What you need to do » When you reach the line that contains "(\<Sum>t\<in>Sigma (splits w) (\<lambda>xz." in the data below, start reproducing lines exactly, and stop after the line that contains "by (simp add: fa_mult_splits sum_distrib_left".

Supplied records »
# # # # #
(* Let $f \ge 1$ and $n \ge 5f+1$. Consider $n$ robots on the real line operating in the CORDA model under a fully asynchronous scheduler, at most $f$ of which are Byzantine. If every correct robot executes the convergence algorithm described in the context, then the correct robots achieve Byzantine convergence: for every $\epsilon > 0$ there is a time $t_\epsilon$ such that for all $t > t_\epsilon$ and all correct robots $i,j$, $|U_i(t) - U_j(t)| < \epsilon$, where $U_i(t)$ is the position of robot $i$ at time $t$.
   Context: Model: $n$ robots are located on the real line. At most $f$ of them are Byzantine: they may behave arbitrarily, and an adversary chooses their positions at all times. The remaining $m \ge n-f$ robots are correct. Robots are anonymous, meaning they all run the same deterministic program. They are oblivious, with no memory between cycles. They share no common orientation: each robot observes positions in its own coordinate system. They have unlimited visibility and strong multiplicity detection, so an observation returns the full multiset of all $n$ positions. Each correct robot repeatedly executes Look–Compute–Move cycles: - Look: take a snapshot of all positions. - Compute: compute a destination from the snapshot. - Move: move toward the destination. The adversary may stop robot $i$ before it reaches the destination, but only after it has travelled at least a fixed distance $\delta_i>0$ toward it (or has reached it). In the CORDA model, phases of different robots may interleave arbitrarily, so a robot may compute and move based on an outdated snapshot. A fully asynchronous scheduler only guarantees that every robot is activated infinitely often. Algorithm: let robot $i$'s snapshot at time $t$ be sorted as $P_1(t) \le \dots \le P_n(t)$, and let $x_i$ be robot $i$'s own position. - Robot $i$ is elected iff $x_i \le P_{f+1}(t)$ or $x_i \ge P_{n-f}(t)$. - $trim^i_{2f}(P(t))$ is the multiset obtained from $P(t)$ by removing, among the $2f$ smallest positions, those strictly smaller than $x_i$, and, among the $2f$ largest positions, those strictly larger than $x_i$. Thus its minimum is $\min(x_i, P_{2f+1}(t))$ and its maximum is $\max(x_i, P_{n-2f}(t))$. - $center(S)$ is the midpoint $(\min S + \max S)/2$. - If elected, robot $i$ moves toward $center(trim^i_{2f}(P(t)))$; otherwise it does not move. *)

theory Defs
  imports Complex_Main "HOL-Library.Multiset"
begin
lemma summable_phi_series:
  assumes "\<forall>i\<in>{1..n}. lam i \<in> ball 0 (gam k xi)" "j \<in> {1..n}" "a \<in> Alg k"
  shows "summable (\<lambda>m. Pnjm n j m lam * alpha k xi a m)"
proof -
  obtain K t where t: "0 \<le> t" "t < 1"
    and bound: "\<And>m. norm (Pnjm n j m lam * alpha k xi a m) \<le> K * normA k a * t ^ m"
    using phi_series_bound[OF assms(1,2)] assms(3) by metis
  have "summable (\<lambda>m. K * normA k a * t ^ m)"
    using t by (intro summable_mult summable_geometric) simp
  then show ?thesis by (rule summable_comparison_test'[OF _ bound])
qed

lemma phi_bounded:
  assumes lam: "\<forall>i\<in>{1..n}. lam i \<in> ball 0 (gam k xi)" and j: "j \<in> {1..n}"
  obtains C where "0 \<le> C" "\<And>a. a \<in> Alg k \<Longrightarrow> norm (phi k xi n j lam a) \<le> C * normA k a"
proof -
  obtain K t where Kt: "0 \<le> K" "0 \<le> t" "t < 1"
    "\<And>a m. a \<in> Alg k \<Longrightarrow> norm (Pnjm n j m lam * alpha k xi a m) \<le> K * normA k a * t ^ m"
    using phi_series_bound[OF lam j] by metis
  show ?thesis
  proof (rule that[of "K / (1 - t)"])
    fix a assume a: "a \<in> Alg k"
    have "norm (phi k xi n j lam a) \<le> (\<Sum>m. K * normA k a * t ^ m)"
      unfolding phi_def
      using Kt a by (intro norm_suminf_le summable_mult summable_geometric) auto
    also have "\<dots> = K / (1 - t) * normA k a"
      using Kt by (simp add: suminf_mult suminf_geometric)
    finally show "norm (phi k xi n j lam a) \<le> K / (1 - t) * normA k a" .
  qed (use Kt in auto)
qed

lemma phi_add:
  assumes "\<forall>i\<in>{1..n}. lam i \<in> ball 0 (gam k xi)" "j \<in> {1..n}" "a \<in> Alg k" "b \<in> Alg k"
  shows "phi k xi n j lam (\<lambda>x. a x + b x) = phi k xi n j lam a + phi k xi n j lam b"
  unfolding phi_def alpha_add[OF assms(3,4)] distrib_left
  using assms by (intro suminf_add[symmetric] summable_phi_series)

lemma phi_cmult:
  assumes "\<forall>i\<in>{1..n}. lam i \<in> ball 0 (gam k xi)" "j \<in> {1..n}" "a \<in> Alg k"
  shows "phi k xi n j lam (\<lambda>x. c * a x) = c * phi k xi n j lam a"
proof -
  have "phi k xi n j lam (\<lambda>x. c * a x) = (\<Sum>m. c * (Pnjm n j m lam * alpha k xi a m))"
    unfolding phi_def alpha_cmult[OF assms(3)] by (simp add: algebra_simps)
  also have "\<dots> = c * phi k xi n j lam a"
    unfolding phi_def by (rule suminf_mult[OF summable_phi_series[OF assms]])
  finally show ?thesis .
qed

lemma phi_diff:
  assumes "\<forall>i\<in>{1..n}. lam i \<in> ball 0 (gam k xi)" "j \<in> {1..n}" "a \<in> Alg k" "b \<in> Alg k"
  shows "phi k xi n j lam (\<lambda>x. b x - a x) = phi k xi n j lam b - phi k xi n j lam a"
proof -
  have "phi k xi n j lam (\<lambda>x. b x + (-1) * a x) = phi k xi n j lam b + phi k xi n j lam (\<lambda>x. (-1) * a x)"
    using assms by (intro phi_add Alg_cmult)
  also have "phi k xi n j lam (\<lambda>x. (-1) * a x) = - phi k xi n j lam a"
    using phi_cmult[OF assms(1-3), of "-1"] by simp
  finally show ?thesis by simp
qed
lemma splits_eq_image: "splits w = (\<lambda>i. (take i w, drop i w)) ` {..length w}"
proof -
  have "(u, v) \<in> (\<lambda>i. (take i w, drop i w)) ` {..length w}" if "u @ v = w" for u v
    using that by (auto intro!: image_eqI[where x="length u"])
  then show ?thesis
    unfolding splits_def by auto
qed

lemma finite_splits [simp]: "finite (splits w)"
  unfolding splits_eq_image by simp

lemma fa_mult_splits: "fa_mult p q w = (\<Sum>s\<in>splits w. p (fst s) * q (snd s))"
proof -
  have "inj_on (\<lambda>i. (take i w, drop i w)) {..length w}"
    by (auto simp: inj_on_def) (metis length_take min.absorb2)
  then show ?thesis
    unfolding splits_eq_image fa_mult_def by (simp add: sum.reindex)
qed

lemma fa_mult_assoc: "fa_mult (fa_mult p q) r = fa_mult p (fa_mult q r)"
proof
  fix w
  have "fa_mult (fa_mult p q) r w =
        (\<Sum>t\<in>Sigma (splits w) (\<lambda>xz. splits (fst xz)).
           p (fst (snd t)) * q (snd (snd t)) * r (snd (fst t)))"
    by (simp add: fa_mult_splits sum_distrib_right sum.Sigma case_prod_beta)
  also have "\<dots> = (\<Sum>t\<in>Sigma (splits w) (\<lambda>uy. splits (snd uy)).
        p (fst (fst t)) * (q (fst (snd t)) * r (snd (snd t))))"
    by (rule sum.reindex_bij_witness
          [where i="\<lambda>t. ((fst (fst t) @ fst (snd t), snd (snd t)), (fst (fst t), fst (snd t)))"
             and j="\<lambda>t. ((fst (snd t), snd (snd t) @ snd (fst t)), (snd (snd t), snd (fst t)))"])
       (auto simp: splits_def)
  also have "\<dots> = fa_mult p (fa_mult q r) w"
    by (simp add: fa_mult_splits sum_distrib_left sum.Sigma case_prod_beta)
  finally show "fa_mult (fa_mult p q) r w = fa_mult p (fa_mult q r) w" .
qed

lemma fa_star_mult: "fa_star (fa_mult p q) = fa_mult (fa_star q) (fa_star p)"
proof
  fix w
  have "fa_star (fa_mult p q) w =
        (\<Sum>s\<in>splits (word_star w). cnj (p (fst s)) * cnj (q (snd s)))"
    by (simp add: fa_star_apply fa_mult_splits)
  also have "\<dots> = (\<Sum>s\<in>splits w. cnj (q (word_star (fst s))) * cnj (p (word_star (snd s))))"
    by (rule sum.reindex_bij_witness[where i="\<lambda>s. (word_star (snd s), word_star (fst s))"
          and j="\<lambda>s. (word_star (snd s), word_star (fst s))"])
       (auto simp: splits_def append_eq_word_star_iff)
  also have "\<dots> = fa_mult (fa_star q) (fa_star p) w"
    by (simp add: fa_star_apply fa_mult_splits)
  finally show "fa_star (fa_mult p q) w = fa_mult (fa_star q) (fa_star p) w" .
qed

lemma fa_star_star [simp]: "fa_star (fa_star p) = p"
  by (auto simp: fa_star_apply)

lemma fa_one_eq_word: "fa_one = fa_word []"
  by (auto simp: fa_one_def fa_word_def)

lemma fa_gen_eq_word: "fa_gen g = fa_word [(g, False)]"
  by (auto simp: fa_gen_def fa_word_def)

lemma fa_mult_word: "fa_mult (fa_word u) (fa_word v) = fa_word (u @ v)"
proof
  fix w
  have "fa_mult (fa_word u) (fa_word v) w = (\<Sum>s\<in>splits w. if s = (u, v) then 1 else 0)"
    unfolding fa_mult_splits by (rule sum.cong) (auto simp: fa_word_def prod_eq_iff)
  also have "\<dots> = fa_word (u @ v) w"
    by (subst sum.delta[OF finite_splits]) (auto simp: fa_word_def splits_def)
  finally show "fa_mult (fa_word u) (fa_word v) w = fa_word (u @ v) w" .
qed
# # # # #
Written response »
        (\<Sum>t\<in>Sigma (splits w) (\<lambda>xz. splits (fst xz)).
           p (fst (snd t)) * q (snd (snd t)) * r (snd (fst t)))"
    by (simp add: fa_mult_splits sum_distrib_right sum.Sigma case_prod_beta)
  also have "\<dots> = (\<Sum>t\<in>Sigma (splits w) (\<lambda>uy. splits (snd uy)).
        p (fst (fst t)) * (q (fst (snd t)) * r (snd (snd t))))"
    by (rule sum.reindex_bij_witness
          [where i="\<lambda>t. ((fst (fst t) @ fst (snd t), snd (snd t)), (fst (fst t), fst (snd t)))"
             and j="\<lambda>t. ((fst (snd t), snd (snd t) @ snd (fst t)), (snd (snd t), snd (fst t)))"])
       (auto simp: splits_def)
  also have "\<dots> = fa_mult p (fa_mult q r) w"
    by (simp add: fa_mult_splits sum_distrib_left sum.Sigma case_prod_beta)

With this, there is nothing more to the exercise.